Monday, July 19, 2010

Kangaroo Care


Human Nature
Mother's Touch
by Ashley Montagu

Human kids and kangaroo kids have more in common than you might think. By studying marsupial mothering, researchers are gaining valuable new insights into the needs of vulnerable newborns.

A human body is not a finished product. The newborn elephant and the newborn fallow deer can run with the herd shortly after they are born. A six-week-old seal navigates the seas by itself. Human beings, however, can't even crawl until they are 8 to 10 months old; they can't walk or talk until they're about 14 months old. Why are human beings born more immature and why do they stay immature longer than any other animal?

Like the newborn marsupial that crawls over its mother's damp fur to her pouch, there to spend up to six months completing its development, the human newborn is only half-formed. It could be said that a child's birth is not an end of gestation but a bridge between growth within the womb and growth outside it. The elephant, deer, seal and human all have long gestation periods – ranging from an average period of 630 days for the elephant to about 266 days for humans. Yet only humans are born so immature, their growth divided into a period inside the womb (uterogestation) and a period outside the womb (exterogestation). It appears that if babies weren't born when they are, they couldn't be born at all.

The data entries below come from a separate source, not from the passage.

lemma expectation_change_of_measure:
  assumes step: "\<And>h. kl_div X (pmf (K0 h)) (pmf (K1 h)) \<le> \<kappa> * (\<Sum>x\<in>X. pmf (K0 h) x * \<phi> x)"
    and \<phi>: "\<And>x. x \<in> X \<Longrightarrow> 0 \<le> \<phi> x \<and> \<phi> x \<le> 1" and "0 < l"
  shows "measure_pmf.expectation (seq_pmf K1 t) (\<lambda>h. sum_list (map \<phi> h))
         \<le> measure_pmf.expectation (seq_pmf K0 t) (\<lambda>h. sum_list (map \<phi> h)) * (1 + l * \<kappa> / 2)
           + 2 * (real t)\<^sup>2 / l"
proof -
  define L where "L = lists_of_length X t"
  define P0 where "P0 = pmf (seq_pmf K0 t)"
  define P1 where "P1 = pmf (seq_pmf K1 t)"
  define E0 where "E0 = (\<Sum>h\<in>L. P0 h * sum_list (map \<phi> h))"
  have sum_P: "sum P0 L = 1" "sum P1 L = 1"
    unfolding P0_def P1_def L_def
    by (rule sum_pmf_seq_pmf[OF finite_X set_pmf_K0], rule sum_pmf_seq_pmf[OF finite_X set_pmf_K1])
  have "0 \<le> sum_list (map \<phi> h) \<and> sum_list (map \<phi> h) \<le> real t" if "h \<in> L" for h
  proof -
    have "set h \<subseteq> X" "length h = t"
      using that by (auto simp: L_def lists_of_length_def)
    then have "0 \<le> \<phi> x \<and> \<phi> x \<le> 1" if "x \<in> set h" for x
      using \<phi> that by blast
    then have "0 \<le> sum_list (map \<phi> h)" "sum_list (map \<phi> h) \<le> (\<Sum>x\<leftarrow>h. 1)"
      by (auto intro!: sum_list_nonneg sum_list_mono)
    with \<open>length h = t\<close> show ?thesis
      by (simp add: sum_list_triv)
  qed
  then have "(\<Sum>h\<in>L. P1 h * sum_list (map \<phi> h)) - E0
      \<le> l * (1 - bhattacharyya L P0 P1) + 2 * (real t)\<^sup>2 / l"
    unfolding E0_def using sum_P \<open>0 < l\<close>
    by (intro sum_diff_le_bhattacharyya) (auto simp: L_def P0_def P1_def finite_lists_of_length finite_X)
  moreover have "2 * (1 - bhattacharyya L P0 P1) \<le> \<kappa> * E0"
  proof -
    have "2 * (1 - bhattacharyya L P0 P1) \<le> kl_div L P0 P1"
      using sum_P seq_pmf_dominated
      by (intro hellinger_le_kl_div) (auto simp: L_def P0_def P1_def finite_lists_of_length finite_X)
    also have "\<dots> \<le> \<kappa> * E0"
      unfolding L_def P0_def P1_def E0_def using step by (rule kl_div_seq_pmf_le)
    finally show ?thesis .
  qed
  ultimately have "(\<Sum>h\<in>L. P1 h * sum_list (map \<phi> h)) \<le> E0 * (1 + l * \<kappa> / 2) + 2 * (real t)\<^sup>2 / l"
    using \<open>0 < l\<close> mult_left_mono[of "2 * (1 - bhattacharyya L P0 P1)" "\<kappa> * E0" "l / 2"]
    by (simp add: algebra_simps)
  then show ?thesis
    by (simp add: expectation_seq_pmf[OF finite_X set_pmf_K0] expectation_seq_pmf[OF finite_X set_pmf_K1]
        L_def P0_def P1_def E0_def)
qed

end

section \<open>Bandits with coin-flip rewards\<close>

definition coin :: "real \<Rightarrow> real pmf" where
  "coin q = map_pmf of_bool (bernoulli_pmf q)"

lemma set_pmf_coin: "set_pmf (coin q) \<subseteq> {0, 1}"
  by (auto simp: coin_def)

lemma pmf_coin:
  assumes "0 \<le> q" "q \<le> 1"
  shows "pmf (coin q) 1 = q" and "pmf (coin q) 0 = 1 - q"
proof -
  have "inj (of_bool :: bool \<Rightarrow> real)"
    by (simp add: inj_def)
  then show "pmf (coin q) 1 = q" and "pmf (coin q) 0 = 1 - q"
    using assms pmf_map_inj'[of of_bool "bernoulli_pmf q" True] pmf_map_inj'[of of_bool "bernoulli_pmf q" False]
    by (simp_all add: coin_def)
qed

lemma expectation_coin: "0 \<le> q \<Longrightarrow> q \<le> 1 \<Longrightarrow> measure_pmf.expectation (coin q) (\<lambda>x. x) = q"
  using set_pmf_coin by (subst integral_measure_pmf_real[where A="{0, 1}"]) (auto simp: pmf_coin)

lemma kl_div_coin_half_le:
  assumes "0 \<le> e" "e \<le> 1/4"
  shows "kl_div {0, 1} (pmf (coin (1/2))) (pmf (coin (1/2 + e))) \<le> 8 * e\<^sup>2 / 3"
proof -
  have e2: "e\<^sup>2 \<le> 1/16"
    using assms power_mono[of e "1/4" 2] by (simp add: power2_eq_square)
  have "kl_div {0, 1} (pmf (coin (1/2))) (pmf (coin (1/2 + e))) = ln (1 / (1 - 4 * e\<^sup>2)) / 2"
  proof -
    have "ln (1 / (1 + 2 * e)) + ln (1 / (1 - 2 * e)) = ln (1 / ((1 + 2 * e) * (1 - 2 * e)))"
      using assms by (simp add: ln_div ln_mult)
    moreover have "(1 + 2 * e) * (1 - 2 * e) = 1 - 4 * e\<^sup>2"
      by (simp add: algebra_simps power2_eq_square)
    moreover have "(1/2) / (1/2 + e) = 1 / (1 + 2 * e)" "(1/2) / (1 - (1/2 + e)) = 1 / (1 - 2 * e)"
      using assms by (auto simp: field_simps)
    ultimately show ?thesis
      using assms by (simp add: kl_div_def pmf_coin add_divide_distrib[symmetric])
  qed
  also have "\<dots> \<le> (1 / (1 - 4 * e\<^sup>2) - 1) / 2"
    using e2 by (intro divide_right_mono ln_le_minus_one) auto
  also have "\<dots> = 2 * e\<^sup>2 / (1 - 4 * e\<^sup>2)"
    using e2 by (simp add: field_simps)
  also have "\<dots> \<le> 2 * e\<^sup>2 / (3/4)"
    using e2 by (intro divide_left_mono) auto
  finally show ?thesis
    by simp
qed

definition play_kernel ::
    "('p \<Rightarrow> 'r pmf) \<Rightarrow> (('p \<times> 'r) list \<Rightarrow> 'p pmf) \<Rightarrow> ('p \<times> 'r) list \<Rightarrow> ('p \<times> 'r) pmf" where
  "play_kernel \<nu> alg h = bind_pmf (alg h) (\<lambda>\<pi>. map_pmf (Pair \<pi>) (\<nu> \<pi>))"

lemma pmf_play_kernel: "pmf (play_kernel \<nu> alg h) (\<pi>, r) = pmf (alg h) \<pi> * pmf (\<nu> \<pi>) r"
  unfolding play_kernel_def by (rule pmf_bind_map_pmf_inj) simp

lemma set_pmf_play_kernel:
  "set_pmf (alg h) \<subseteq> P \<Longrightarrow> (\<And>\<pi>. set_pmf (\<nu> \<pi>) \<subseteq> R) \<Longrightarrow> set_pmf (play_kernel \<nu> alg h) \<subseteq> P \<times> R"
  unfolding play_kernel_def by auto

lemma kl_div_play_kernel:
  "kl_div (P \<times> R) (pmf (play_kernel \<nu>0 alg h)) (pmf (play_kernel \<nu>1 alg h))
   = (\<Sum>\<pi>\<in>P. pmf (alg h) \<pi> * kl_div R (pmf (\<nu>0 \<pi>)) (pmf (\<nu>1 \<pi>)))"
proof -
  have cancel: "pmf (alg h) \<pi> * pmf (\<nu>0 \<pi>) r
        * ln (pmf (alg h) \<pi> * pmf (\<nu>0 \<pi>) r / (pmf (alg h) \<pi> * pmf (\<nu>1 \<pi>) r))
      = pmf (alg h) \<pi> * (pmf (\<nu>0 \<pi>) r * ln (pmf (\<nu>0 \<pi>) r / pmf (\<nu>1 \<pi>) r))" for \<pi> r
    by (cases "pmf (alg h) \<pi> = 0") simp_all
  show ?thesis
    unfolding kl_div_def sum.cartesian_product' pmf_play_kernel cancel by (simp add: sum_distrib_left)
qed

lemma coin_bandit_change_of_measure:
  fixes G :: "'p \<Rightarrow> bool" and alg :: "('p \<times> real) list \<Rightarrow> 'p pmf" and e :: real
  assumes "finite P" and alg: "\<And>h. set_pmf (alg h) \<subseteq> P" and e: "0 \<le> e" "e \<le> 1/4" and "0 < T"
  defines "K \<equiv> \<lambda>e. play_kernel (\<lambda>\<pi>. coin (1/2 + e * of_bool (G \<pi>))) alg"
  shows "measure_pmf.expectation (seq_pmf (K e) T) (\<lambda>h. \<Sum>p\<leftarrow>h. of_bool (G (fst p)))
         \<le> measure_pmf.expectation (seq_pmf (K 0) T) (\<lambda>h. \<Sum>p\<leftarrow>h. of_bool (G (fst p)))
             * (1 + 64 * T * e\<^sup>2 / 3) + T / 8"
proof -
  interpret dominated_kernels "P \<times> {0, 1}" "K 0" "K e"
  proof
    show "finite (P \<times> {0, 1 :: real})"
      using \<open>finite P\<close> by simp
    show "set_pmf (K 0 h) \<subseteq> P \<times> {0, 1}" "set_pmf (K e h) \<subseteq> P \<times> {0, 1}" for h
      unfolding K_def by (intro set_pmf_play_kernel alg set_pmf_coin)+
    show "0 < pmf (K e h) x" if "x \<in> P \<times> {0, 1}" "0 < pmf (K 0 h) x" for h x
      using that e by (auto simp: K_def pmf_play_kernel pmf_coin zero_less_mult_iff)
  qed
  have "kl_div (P \<times> {0, 1}) (pmf (K 0 h)) (pmf (K e h))
        \<le> 8 * e\<^sup>2 / 3 * (\<Sum>x\<in>P \<times> {0, 1}. pmf (K 0 h) x * of_bool (G (fst x)))" for h
  proof -
    have "kl_div (P \<times> {0, 1}) (pmf (K 0 h)) (pmf (K e h))
        = (\<Sum>\<pi>\<in>P. pmf (alg h) \<pi> * kl_div {0, 1} (pmf (coin (1/2))) (pmf (coin (1/2 + e * of_bool (G \<pi>)))))"
      by (simp add: K_def kl_div_play_kernel)
    also have "\<dots> \<le> (\<Sum>\<pi>\<in>P. pmf (alg h) \<pi> * (8 * e\<^sup>2 / 3 * of_bool (G \<pi>)))"
      using kl_div_coin_half_le[OF e] by (intro sum_mono mult_left_mono) auto
    also have "\<dots> = 8 * e\<^sup>2 / 3 * (\<Sum>\<pi>\<in>P. pmf (alg h) \<pi> * of_bool (G \<pi>) * (\<Sum>r\<in>{0, 1}. pmf (coin (1/2)) r))"
      by (simp add: pmf_coin sum_distrib_left mult_ac)
    also have "\<dots> = 8 * e\<^sup>2 / 3 * (\<Sum>\<pi>\<in>P. \<Sum>r\<in>{0, 1}. pmf (alg h) \<pi> * pmf (coin (1/2)) r * of_bool (G \<pi>))"
      by (simp only: sum_distrib_left mult_ac)
    also have "\<dots> = 8 * e\<^sup>2 / 3 * (\<Sum>x\<in>P \<times> {0, 1}. pmf (K 0 h) x * of_bool (G (fst x)))"
      unfolding K_def sum.cartesian_product' pmf_play_kernel by simp
    finally show ?thesis .
  qed
  then have "measure_pmf.expectation (seq_pmf (K e) T) (\<lambda>h. \<Sum>p\<leftarrow>h. of_bool (G (fst p)))
      \<le> measure_pmf.expectation (seq_pmf (K 0) T) (\<lambda>h. \<Sum>p\<leftarrow>h. of_bool (G (fst p)))
          * (1 + 16 * T * (8 * e\<^sup>2 / 3) / 2) + 2 * (real T)\<^sup>2 / (16 * T)"
    by (rule expectation_change_of_measure) (use \<open>0 < T\<close> in auto)
  then show ?thesis
    using \<open>0 < T\<close> by (simp add: power2_eq_square mult_ac)
qed

section \<open>The hard instances\<close>

definition follows :: "nat \<Rightarrow> (nat \<Rightarrow> nat) \<Rightarrow> (nat \<Rightarrow> nat \<Rightarrow> nat) \<Rightarrow> bool" where
  "follows H w \<pi> \<longleftrightarrow> (\<forall>i<H. \<pi> 0 i = w i)"

(* Level 0 records that w has been played so far. The only reward is the coin flip at the last
   stage, biased by e iff w is followed there as well. *)
definition hard_mdp :: "nat \<Rightarrow> (nat \<Rightarrow> nat) \<Rightarrow> real \<Rightarrow> mdp" where
  "hard_mdp H w e =
     \<lparr>trans = (\<lambda>i l a. return_pmf (if l = 0 \<and> a = w i then 0 else 1)),
      rew = (\<lambda>l i a. if Suc i = H then coin (1/2 + e * of_bool (l = 0 \<and> a = w i)) else return_pmf 0)\<rparr>"

lemma run_hard_mdp:
  assumes "i + n = H" "0 < n"
  shows "run (hard_mdp H w e) \<pi> n l i
         = coin (1/2 + e * of_bool (l = 0 \<and> (\<forall>j. i \<le> j \<and> j < H \<longrightarrow> \<pi> 0 j = w j)))"
  using assms
proof (induction n arbitrary: l i)
  case (Suc n)
  show ?case
  proof (cases "n = 0")
    case True
    with Suc.prems have "(l = 0 \<and> \<pi> l i = w i) \<longleftrightarrow> (l = 0 \<and> (\<forall>j. i \<le> j \<and> j < H \<longrightarrow> \<pi> 0 j = w j))"
      by (auto simp: le_less_Suc_eq)
    with True Suc.prems show ?thesis
      by (simp add: hard_mdp_def bind_return_pmf bind_return_pmf')
  next
    case False
    define s where "s = (if l = 0 \<and> \<pi> l i = w i then 0 else 1 :: nat)"
    have "run (hard_mdp H w e) \<pi> (Suc n) l i = run (hard_mdp H w e) \<pi> n s (Suc i)"
      using False Suc.prems by (simp add: hard_mdp_def s_def bind_return_pmf bind_return_pmf')
    also have "\<dots> = coin (1/2 + e * of_bool (s = 0 \<and> (\<forall>j. Suc i \<le> j \<and> j < H \<longrightarrow> \<pi> 0 j = w j)))"
      using False Suc.prems by (intro Suc.IH) auto
    also have "(s = 0 \<and> (\<forall>j. Suc i \<le> j \<and> j < H \<longrightarrow> \<pi> 0 j = w j))
             \<longleftrightarrow> (l = 0 \<and> (\<forall>j. i \<le> j \<and> j < H \<longrightarrow> \<pi> 0 j = w j))"
      using Suc.prems unfolding s_def by (auto simp: Suc_le_eq) (metis le_neq_implies_less)
    finally show ?thesis .
  qed
qed simp

lemma episode_hard_mdp:
  "0 < H \<Longrightarrow> episode (hard_mdp H w e) H \<pi> = coin (1/2 + e * of_bool (follows H w \<pi>))"
  by (simp add: episode_def run_hard_mdp follows_def)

At birth, the brain of the average seven-pound infant weighs roughly 380 grams. To be as talented and capable as a newborn elephant, deer or seal, the human infant would need the 825-gram brain of a one-year old. Clearly, infants can't wait until they've grown a brain that big before being born – their heads would be too large to fit through the mother's birth canal. They must be born with the biggest possible brain that still allows them to get out and then do the rest of their brain-growing after birth.

As Professor John Bostock of the University of Queensland, Australia, suggested, what I call the period of exterogestation is over when a child can crawl on all fours. Amazingly, the average time for this achievement is 266 days – exactly the same length as the average pregnancy.

Two-stage gestation might have been an adaptation to several important changes during the early evolution of the human species. The move from the forest to the open plains demanded an erect posture and a bigger brain. The pelvic outlet grew smaller while the brain grew larger.

If this two-stage theory of gestation is sound, then we are not adequately meeting the needs of infants. We fail to give attention to gestation outside the womb.

The human infant is almost as immature as the infant opossum or kangaroo, but whereas the marsupial infant enjoys the protection of its mother's pouch, the human infant has no such advantage.

The symbiotic relationship maintained by mother and fetus throughout pregnancy should not end at birth; indeed, it is naturally designed to become more intense during exterogestation. The mother who is equipped to give sustenance and shelter inside the womb is equipped to do so outside the womb, at least as efficiently as the marsupial mother.

The warmth with which the mother enfolds her child while breast-feeding is psychologically analogous to the pouch enclosing a suckling marsupial. However, little marsupials, with free access to their mother's breast, suckle when they wish; human infants are generally suckled when their mothers think they should be. Children are therefore in a much more dependent, indeed more hazardous, state than marsupials; they should be nursed on demand, rather than by the clock.

When the human mother breast-feeds her child, the pair make eye contact vital to the psychological development of the child. The mother lovingly coos, talks and sings to the child, cuddling, kissing and caressing it. As important as breast-feeding itself are its associated sensory stimuli – the sights, sounds, smells, taste and warm feelings that comprise the enfolding love that ought to be the birthright of every child.

Several studies show that early deprivation of maternal care leads, in many animals, to failure of both individual and social development. The human infant is in many ways more dependent on such sociopsychological care, not merely because it is born in such an immature state, but because becoming a competent human being is much more complicated than becoming a competent baboon.